Exercise directions:
Could you copy every line of the data that contains "insert"?

Data records:
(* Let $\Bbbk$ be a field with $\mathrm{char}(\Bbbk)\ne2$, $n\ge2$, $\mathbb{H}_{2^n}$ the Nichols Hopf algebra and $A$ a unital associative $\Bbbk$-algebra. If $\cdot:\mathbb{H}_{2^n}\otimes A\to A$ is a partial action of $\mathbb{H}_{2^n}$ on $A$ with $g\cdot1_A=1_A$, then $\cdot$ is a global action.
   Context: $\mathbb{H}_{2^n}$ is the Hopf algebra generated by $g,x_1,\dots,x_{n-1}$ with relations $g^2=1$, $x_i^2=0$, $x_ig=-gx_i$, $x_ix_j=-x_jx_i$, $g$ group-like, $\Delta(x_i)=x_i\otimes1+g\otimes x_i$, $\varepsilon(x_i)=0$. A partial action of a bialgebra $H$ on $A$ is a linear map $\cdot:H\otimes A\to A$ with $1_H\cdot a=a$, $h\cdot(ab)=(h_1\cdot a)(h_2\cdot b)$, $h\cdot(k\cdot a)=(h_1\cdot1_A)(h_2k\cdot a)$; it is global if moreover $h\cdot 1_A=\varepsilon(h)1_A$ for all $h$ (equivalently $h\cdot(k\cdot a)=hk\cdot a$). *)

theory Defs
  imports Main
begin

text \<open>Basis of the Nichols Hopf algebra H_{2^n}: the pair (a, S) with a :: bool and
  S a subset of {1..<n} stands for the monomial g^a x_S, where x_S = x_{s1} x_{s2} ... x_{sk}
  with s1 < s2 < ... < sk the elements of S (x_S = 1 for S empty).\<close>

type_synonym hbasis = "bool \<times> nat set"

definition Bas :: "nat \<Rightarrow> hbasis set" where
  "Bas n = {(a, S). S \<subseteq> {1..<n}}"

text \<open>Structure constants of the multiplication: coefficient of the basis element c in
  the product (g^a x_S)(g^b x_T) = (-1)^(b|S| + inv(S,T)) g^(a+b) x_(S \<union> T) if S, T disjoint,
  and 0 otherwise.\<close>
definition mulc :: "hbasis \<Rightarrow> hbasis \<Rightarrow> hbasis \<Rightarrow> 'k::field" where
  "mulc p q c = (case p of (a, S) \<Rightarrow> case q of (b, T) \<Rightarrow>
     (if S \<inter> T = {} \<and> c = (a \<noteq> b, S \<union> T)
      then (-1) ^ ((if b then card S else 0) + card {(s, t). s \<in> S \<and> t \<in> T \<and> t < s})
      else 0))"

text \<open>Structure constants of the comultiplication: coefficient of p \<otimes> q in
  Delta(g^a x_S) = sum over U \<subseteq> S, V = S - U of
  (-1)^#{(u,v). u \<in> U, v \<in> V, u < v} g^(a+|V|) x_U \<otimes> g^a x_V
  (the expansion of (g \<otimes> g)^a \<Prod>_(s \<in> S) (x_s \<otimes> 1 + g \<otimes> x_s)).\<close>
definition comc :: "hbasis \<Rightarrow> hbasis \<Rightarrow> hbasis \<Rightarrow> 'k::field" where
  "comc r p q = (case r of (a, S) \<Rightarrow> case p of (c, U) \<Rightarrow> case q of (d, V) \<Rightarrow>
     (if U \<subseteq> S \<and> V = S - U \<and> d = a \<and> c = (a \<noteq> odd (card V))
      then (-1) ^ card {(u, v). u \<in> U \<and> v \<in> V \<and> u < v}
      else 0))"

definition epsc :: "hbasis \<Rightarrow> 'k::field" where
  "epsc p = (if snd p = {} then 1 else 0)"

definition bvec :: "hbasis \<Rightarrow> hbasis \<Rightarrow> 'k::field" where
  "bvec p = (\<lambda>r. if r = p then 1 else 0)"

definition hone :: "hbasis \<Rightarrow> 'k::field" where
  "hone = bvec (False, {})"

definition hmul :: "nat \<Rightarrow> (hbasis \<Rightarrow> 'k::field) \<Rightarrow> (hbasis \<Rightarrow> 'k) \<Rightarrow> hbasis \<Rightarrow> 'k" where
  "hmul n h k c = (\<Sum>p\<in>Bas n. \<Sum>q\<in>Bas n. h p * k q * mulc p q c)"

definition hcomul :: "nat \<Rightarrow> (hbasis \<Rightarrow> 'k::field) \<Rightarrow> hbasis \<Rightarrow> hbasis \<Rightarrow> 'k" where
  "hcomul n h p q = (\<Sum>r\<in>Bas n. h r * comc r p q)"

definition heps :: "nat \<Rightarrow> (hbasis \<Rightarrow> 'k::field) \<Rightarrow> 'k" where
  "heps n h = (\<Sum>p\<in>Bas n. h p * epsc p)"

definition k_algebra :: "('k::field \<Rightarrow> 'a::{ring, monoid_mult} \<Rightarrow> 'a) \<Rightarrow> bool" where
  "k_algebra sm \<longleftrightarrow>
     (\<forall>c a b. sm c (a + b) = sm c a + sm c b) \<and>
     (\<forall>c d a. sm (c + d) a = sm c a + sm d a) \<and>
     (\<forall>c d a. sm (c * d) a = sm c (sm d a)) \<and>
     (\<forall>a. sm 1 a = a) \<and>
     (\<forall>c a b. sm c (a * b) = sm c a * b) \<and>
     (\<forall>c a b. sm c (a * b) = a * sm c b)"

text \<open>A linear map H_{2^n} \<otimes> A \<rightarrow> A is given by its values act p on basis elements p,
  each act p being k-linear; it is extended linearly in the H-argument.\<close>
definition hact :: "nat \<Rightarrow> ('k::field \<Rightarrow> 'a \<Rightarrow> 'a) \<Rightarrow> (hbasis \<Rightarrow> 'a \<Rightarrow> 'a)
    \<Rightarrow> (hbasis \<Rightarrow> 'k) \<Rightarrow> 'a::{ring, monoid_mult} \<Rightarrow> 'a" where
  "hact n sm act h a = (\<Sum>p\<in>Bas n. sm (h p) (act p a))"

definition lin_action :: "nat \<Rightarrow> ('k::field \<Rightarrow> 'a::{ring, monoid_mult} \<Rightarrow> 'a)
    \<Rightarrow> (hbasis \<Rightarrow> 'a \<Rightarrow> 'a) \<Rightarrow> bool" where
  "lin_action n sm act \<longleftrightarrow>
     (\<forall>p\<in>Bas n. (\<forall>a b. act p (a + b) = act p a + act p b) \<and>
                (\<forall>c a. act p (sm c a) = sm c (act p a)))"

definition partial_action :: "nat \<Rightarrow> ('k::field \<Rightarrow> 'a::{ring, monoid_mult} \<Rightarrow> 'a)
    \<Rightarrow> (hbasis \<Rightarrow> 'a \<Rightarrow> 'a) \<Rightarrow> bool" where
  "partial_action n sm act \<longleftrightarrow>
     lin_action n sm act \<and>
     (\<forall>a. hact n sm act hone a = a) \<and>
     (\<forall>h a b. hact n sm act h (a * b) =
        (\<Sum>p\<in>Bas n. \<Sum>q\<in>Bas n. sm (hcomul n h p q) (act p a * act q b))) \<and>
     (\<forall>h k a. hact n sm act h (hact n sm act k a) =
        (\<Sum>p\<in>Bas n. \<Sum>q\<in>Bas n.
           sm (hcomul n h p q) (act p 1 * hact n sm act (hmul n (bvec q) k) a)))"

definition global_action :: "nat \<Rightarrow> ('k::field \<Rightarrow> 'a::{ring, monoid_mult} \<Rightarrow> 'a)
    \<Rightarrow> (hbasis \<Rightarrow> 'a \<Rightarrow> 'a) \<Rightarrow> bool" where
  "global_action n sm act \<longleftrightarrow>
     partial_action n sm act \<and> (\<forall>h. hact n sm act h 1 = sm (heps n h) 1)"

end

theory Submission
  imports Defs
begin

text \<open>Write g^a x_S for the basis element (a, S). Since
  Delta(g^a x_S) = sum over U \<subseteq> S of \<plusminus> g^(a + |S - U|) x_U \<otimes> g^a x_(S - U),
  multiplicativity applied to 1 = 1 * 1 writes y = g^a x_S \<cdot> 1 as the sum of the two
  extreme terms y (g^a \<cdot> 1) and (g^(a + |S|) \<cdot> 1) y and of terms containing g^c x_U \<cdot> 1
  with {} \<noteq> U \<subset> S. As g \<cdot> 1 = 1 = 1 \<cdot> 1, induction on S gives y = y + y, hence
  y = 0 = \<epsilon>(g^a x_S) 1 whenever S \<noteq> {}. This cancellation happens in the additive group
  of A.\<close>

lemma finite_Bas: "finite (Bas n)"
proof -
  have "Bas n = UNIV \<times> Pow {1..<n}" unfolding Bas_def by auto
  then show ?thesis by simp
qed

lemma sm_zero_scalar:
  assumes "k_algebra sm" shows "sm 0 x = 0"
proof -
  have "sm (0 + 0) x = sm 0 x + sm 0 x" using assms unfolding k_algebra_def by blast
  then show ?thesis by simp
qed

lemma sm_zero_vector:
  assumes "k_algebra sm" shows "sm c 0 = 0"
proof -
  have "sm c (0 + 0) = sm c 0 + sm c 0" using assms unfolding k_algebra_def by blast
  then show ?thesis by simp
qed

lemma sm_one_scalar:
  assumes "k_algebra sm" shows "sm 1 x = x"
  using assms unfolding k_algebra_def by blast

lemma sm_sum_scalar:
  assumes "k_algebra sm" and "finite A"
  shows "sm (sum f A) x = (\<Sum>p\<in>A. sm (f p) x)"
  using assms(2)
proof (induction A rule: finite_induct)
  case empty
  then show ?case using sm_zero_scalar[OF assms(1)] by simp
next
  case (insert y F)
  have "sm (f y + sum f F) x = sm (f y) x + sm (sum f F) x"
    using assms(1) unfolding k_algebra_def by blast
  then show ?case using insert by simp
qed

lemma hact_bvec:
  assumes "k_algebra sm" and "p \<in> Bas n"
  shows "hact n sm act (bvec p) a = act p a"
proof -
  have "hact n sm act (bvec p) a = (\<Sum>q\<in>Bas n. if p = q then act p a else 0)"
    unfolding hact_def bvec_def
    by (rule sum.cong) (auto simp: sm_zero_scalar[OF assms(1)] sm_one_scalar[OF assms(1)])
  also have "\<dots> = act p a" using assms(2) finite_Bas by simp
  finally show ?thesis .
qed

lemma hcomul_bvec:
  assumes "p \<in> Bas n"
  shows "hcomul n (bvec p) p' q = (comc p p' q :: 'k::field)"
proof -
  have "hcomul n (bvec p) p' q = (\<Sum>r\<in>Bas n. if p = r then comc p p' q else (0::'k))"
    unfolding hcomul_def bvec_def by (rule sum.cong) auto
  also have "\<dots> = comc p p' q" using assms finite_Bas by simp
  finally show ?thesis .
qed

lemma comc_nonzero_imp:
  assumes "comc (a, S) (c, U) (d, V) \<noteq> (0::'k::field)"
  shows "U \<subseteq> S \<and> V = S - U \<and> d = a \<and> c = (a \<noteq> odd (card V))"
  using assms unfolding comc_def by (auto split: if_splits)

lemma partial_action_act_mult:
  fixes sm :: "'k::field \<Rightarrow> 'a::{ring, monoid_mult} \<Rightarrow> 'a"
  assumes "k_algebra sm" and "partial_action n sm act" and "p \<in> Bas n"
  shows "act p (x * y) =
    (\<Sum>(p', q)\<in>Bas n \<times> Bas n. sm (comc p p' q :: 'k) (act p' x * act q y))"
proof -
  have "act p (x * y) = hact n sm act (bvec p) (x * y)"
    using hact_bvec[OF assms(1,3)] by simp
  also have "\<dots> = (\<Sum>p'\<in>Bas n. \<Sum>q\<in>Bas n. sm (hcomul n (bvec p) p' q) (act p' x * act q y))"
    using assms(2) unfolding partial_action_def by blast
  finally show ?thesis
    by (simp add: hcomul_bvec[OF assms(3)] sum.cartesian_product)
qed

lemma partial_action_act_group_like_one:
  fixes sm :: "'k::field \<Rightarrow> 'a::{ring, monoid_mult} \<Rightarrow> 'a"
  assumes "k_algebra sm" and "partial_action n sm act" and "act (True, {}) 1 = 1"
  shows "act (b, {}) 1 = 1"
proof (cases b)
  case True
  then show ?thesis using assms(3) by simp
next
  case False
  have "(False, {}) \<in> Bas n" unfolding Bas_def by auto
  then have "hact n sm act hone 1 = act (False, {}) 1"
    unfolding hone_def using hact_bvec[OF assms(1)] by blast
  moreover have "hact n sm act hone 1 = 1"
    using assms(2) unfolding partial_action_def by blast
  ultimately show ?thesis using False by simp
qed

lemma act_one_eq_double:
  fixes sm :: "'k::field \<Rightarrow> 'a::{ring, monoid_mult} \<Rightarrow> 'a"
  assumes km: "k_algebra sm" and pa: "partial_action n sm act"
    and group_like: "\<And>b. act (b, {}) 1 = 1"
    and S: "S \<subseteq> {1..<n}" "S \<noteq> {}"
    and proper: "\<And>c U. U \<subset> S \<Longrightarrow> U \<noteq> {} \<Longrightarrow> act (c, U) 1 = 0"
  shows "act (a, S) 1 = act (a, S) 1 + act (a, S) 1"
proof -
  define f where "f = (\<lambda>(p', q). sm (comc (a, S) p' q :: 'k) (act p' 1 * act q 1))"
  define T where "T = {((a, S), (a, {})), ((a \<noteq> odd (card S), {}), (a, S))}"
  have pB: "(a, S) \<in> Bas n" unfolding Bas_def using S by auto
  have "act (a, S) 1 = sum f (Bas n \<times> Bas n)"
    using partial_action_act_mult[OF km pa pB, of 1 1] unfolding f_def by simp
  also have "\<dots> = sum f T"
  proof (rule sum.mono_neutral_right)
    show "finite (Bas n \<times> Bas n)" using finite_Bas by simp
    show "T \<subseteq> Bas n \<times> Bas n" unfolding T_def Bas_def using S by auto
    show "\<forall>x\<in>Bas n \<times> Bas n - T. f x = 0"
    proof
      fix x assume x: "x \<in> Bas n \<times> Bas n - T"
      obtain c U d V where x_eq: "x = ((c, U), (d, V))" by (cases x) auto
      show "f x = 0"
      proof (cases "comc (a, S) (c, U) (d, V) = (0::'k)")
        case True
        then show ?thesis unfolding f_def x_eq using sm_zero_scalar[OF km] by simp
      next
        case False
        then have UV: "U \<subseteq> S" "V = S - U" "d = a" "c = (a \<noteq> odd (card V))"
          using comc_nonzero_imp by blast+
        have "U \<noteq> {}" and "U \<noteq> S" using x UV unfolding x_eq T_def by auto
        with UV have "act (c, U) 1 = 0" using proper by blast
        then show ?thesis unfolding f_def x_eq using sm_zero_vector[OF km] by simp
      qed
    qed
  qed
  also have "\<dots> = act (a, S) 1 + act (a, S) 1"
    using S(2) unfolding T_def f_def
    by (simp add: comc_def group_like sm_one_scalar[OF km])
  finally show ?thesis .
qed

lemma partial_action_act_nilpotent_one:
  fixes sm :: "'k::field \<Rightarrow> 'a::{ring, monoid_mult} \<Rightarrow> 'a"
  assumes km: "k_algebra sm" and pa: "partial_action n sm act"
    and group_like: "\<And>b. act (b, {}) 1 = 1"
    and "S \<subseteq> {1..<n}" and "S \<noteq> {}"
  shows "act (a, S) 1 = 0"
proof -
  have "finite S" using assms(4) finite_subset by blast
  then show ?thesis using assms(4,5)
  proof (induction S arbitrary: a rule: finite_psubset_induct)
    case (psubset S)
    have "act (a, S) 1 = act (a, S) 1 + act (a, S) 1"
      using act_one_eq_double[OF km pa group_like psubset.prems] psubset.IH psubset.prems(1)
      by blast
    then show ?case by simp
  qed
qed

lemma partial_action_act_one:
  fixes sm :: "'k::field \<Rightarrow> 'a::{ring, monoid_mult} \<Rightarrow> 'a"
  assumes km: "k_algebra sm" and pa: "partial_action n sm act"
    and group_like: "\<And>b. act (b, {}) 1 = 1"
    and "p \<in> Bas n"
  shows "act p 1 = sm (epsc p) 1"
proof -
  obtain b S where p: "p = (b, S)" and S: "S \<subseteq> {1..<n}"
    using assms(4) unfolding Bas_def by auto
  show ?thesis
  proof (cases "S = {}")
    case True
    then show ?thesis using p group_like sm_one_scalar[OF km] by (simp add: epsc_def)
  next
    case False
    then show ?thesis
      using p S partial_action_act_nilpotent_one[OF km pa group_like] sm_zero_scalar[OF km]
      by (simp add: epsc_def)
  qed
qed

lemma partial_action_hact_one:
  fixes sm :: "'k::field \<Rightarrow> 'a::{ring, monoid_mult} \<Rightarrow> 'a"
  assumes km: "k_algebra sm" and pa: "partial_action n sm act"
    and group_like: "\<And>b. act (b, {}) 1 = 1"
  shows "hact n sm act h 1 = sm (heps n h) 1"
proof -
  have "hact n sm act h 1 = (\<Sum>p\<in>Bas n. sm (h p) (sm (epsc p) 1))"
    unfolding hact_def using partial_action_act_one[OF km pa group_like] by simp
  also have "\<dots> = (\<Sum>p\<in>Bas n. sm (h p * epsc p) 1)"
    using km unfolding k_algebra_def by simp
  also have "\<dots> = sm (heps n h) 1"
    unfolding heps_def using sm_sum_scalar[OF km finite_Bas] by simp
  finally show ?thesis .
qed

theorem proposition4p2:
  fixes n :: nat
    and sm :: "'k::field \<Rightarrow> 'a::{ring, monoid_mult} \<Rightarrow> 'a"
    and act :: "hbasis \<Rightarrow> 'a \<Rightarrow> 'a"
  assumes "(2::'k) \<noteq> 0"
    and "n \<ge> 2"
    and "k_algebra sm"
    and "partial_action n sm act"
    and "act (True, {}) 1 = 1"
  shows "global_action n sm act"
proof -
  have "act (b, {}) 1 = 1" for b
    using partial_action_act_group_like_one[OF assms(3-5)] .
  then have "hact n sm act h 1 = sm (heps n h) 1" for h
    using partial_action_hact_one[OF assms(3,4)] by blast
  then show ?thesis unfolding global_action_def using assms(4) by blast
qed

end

--

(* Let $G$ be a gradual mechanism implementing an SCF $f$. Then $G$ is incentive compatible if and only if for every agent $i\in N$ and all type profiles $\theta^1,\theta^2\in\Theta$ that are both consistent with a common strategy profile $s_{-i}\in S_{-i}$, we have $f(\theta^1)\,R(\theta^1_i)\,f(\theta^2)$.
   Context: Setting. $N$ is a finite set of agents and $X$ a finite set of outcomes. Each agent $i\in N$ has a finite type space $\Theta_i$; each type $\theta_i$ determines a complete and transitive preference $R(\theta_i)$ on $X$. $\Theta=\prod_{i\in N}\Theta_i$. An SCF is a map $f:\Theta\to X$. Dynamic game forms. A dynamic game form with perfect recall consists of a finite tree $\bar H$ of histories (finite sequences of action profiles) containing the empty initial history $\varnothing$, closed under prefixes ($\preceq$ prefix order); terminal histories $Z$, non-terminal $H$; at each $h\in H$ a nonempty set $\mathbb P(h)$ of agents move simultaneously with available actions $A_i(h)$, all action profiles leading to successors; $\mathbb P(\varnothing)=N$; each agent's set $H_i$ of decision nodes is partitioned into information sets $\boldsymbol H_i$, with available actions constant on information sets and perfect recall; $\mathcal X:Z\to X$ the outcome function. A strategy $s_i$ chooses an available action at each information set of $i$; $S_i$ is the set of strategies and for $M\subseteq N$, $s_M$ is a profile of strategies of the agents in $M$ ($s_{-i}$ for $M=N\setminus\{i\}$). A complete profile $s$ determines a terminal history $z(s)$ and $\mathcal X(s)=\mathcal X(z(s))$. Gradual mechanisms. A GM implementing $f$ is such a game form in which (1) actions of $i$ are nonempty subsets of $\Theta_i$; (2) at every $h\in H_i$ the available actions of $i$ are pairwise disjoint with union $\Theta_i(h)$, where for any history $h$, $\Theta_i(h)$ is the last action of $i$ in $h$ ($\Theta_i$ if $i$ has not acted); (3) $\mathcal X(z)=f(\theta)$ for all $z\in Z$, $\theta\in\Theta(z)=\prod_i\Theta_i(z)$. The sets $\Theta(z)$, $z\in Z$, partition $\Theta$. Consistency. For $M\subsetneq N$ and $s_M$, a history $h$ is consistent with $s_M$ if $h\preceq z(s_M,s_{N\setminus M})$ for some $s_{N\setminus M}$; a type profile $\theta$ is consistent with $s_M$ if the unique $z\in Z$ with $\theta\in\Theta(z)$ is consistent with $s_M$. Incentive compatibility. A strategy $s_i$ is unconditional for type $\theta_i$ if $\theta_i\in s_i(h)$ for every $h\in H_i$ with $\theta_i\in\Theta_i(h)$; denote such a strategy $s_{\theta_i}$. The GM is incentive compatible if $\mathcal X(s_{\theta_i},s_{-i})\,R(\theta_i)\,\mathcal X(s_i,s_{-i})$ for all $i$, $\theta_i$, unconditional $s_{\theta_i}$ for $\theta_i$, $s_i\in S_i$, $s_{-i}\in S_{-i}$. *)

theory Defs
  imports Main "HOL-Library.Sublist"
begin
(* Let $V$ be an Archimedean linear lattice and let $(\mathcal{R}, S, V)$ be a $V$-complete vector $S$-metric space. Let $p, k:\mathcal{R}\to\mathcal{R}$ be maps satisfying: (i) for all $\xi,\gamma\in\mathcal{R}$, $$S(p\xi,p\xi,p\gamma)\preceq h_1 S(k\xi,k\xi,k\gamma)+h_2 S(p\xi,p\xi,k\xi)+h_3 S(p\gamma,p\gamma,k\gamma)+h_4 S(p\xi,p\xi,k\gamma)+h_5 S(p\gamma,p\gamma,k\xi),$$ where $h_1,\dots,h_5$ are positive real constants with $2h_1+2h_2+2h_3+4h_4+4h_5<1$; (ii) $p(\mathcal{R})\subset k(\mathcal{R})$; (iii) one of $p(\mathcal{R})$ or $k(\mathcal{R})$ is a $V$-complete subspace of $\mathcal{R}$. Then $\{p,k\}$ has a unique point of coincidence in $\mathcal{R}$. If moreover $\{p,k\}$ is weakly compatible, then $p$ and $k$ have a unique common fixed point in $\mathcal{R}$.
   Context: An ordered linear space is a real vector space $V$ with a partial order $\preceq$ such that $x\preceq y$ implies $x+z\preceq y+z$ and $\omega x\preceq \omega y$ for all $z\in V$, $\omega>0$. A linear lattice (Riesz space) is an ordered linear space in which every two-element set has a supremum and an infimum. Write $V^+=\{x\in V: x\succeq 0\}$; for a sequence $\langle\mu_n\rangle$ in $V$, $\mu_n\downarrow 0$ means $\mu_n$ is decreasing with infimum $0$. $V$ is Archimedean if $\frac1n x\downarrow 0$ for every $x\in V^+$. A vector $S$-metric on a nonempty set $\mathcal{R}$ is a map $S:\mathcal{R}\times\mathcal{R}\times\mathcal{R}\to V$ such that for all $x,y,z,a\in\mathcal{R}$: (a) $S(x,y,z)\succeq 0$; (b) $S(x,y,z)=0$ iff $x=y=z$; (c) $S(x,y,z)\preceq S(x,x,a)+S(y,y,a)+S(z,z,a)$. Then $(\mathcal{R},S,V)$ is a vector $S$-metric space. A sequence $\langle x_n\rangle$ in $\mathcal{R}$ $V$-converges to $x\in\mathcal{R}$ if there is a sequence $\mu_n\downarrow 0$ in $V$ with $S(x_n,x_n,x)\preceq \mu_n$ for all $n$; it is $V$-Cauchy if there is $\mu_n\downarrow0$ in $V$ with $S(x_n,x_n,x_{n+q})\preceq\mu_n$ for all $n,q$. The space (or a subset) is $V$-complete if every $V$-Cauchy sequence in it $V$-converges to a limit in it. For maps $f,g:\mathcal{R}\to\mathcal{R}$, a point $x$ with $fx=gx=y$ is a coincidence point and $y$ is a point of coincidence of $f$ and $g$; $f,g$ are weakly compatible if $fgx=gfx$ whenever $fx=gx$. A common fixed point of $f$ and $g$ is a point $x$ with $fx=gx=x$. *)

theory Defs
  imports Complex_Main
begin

Exercise answer:
  case (insert y F)
  then show ?case using insert by simp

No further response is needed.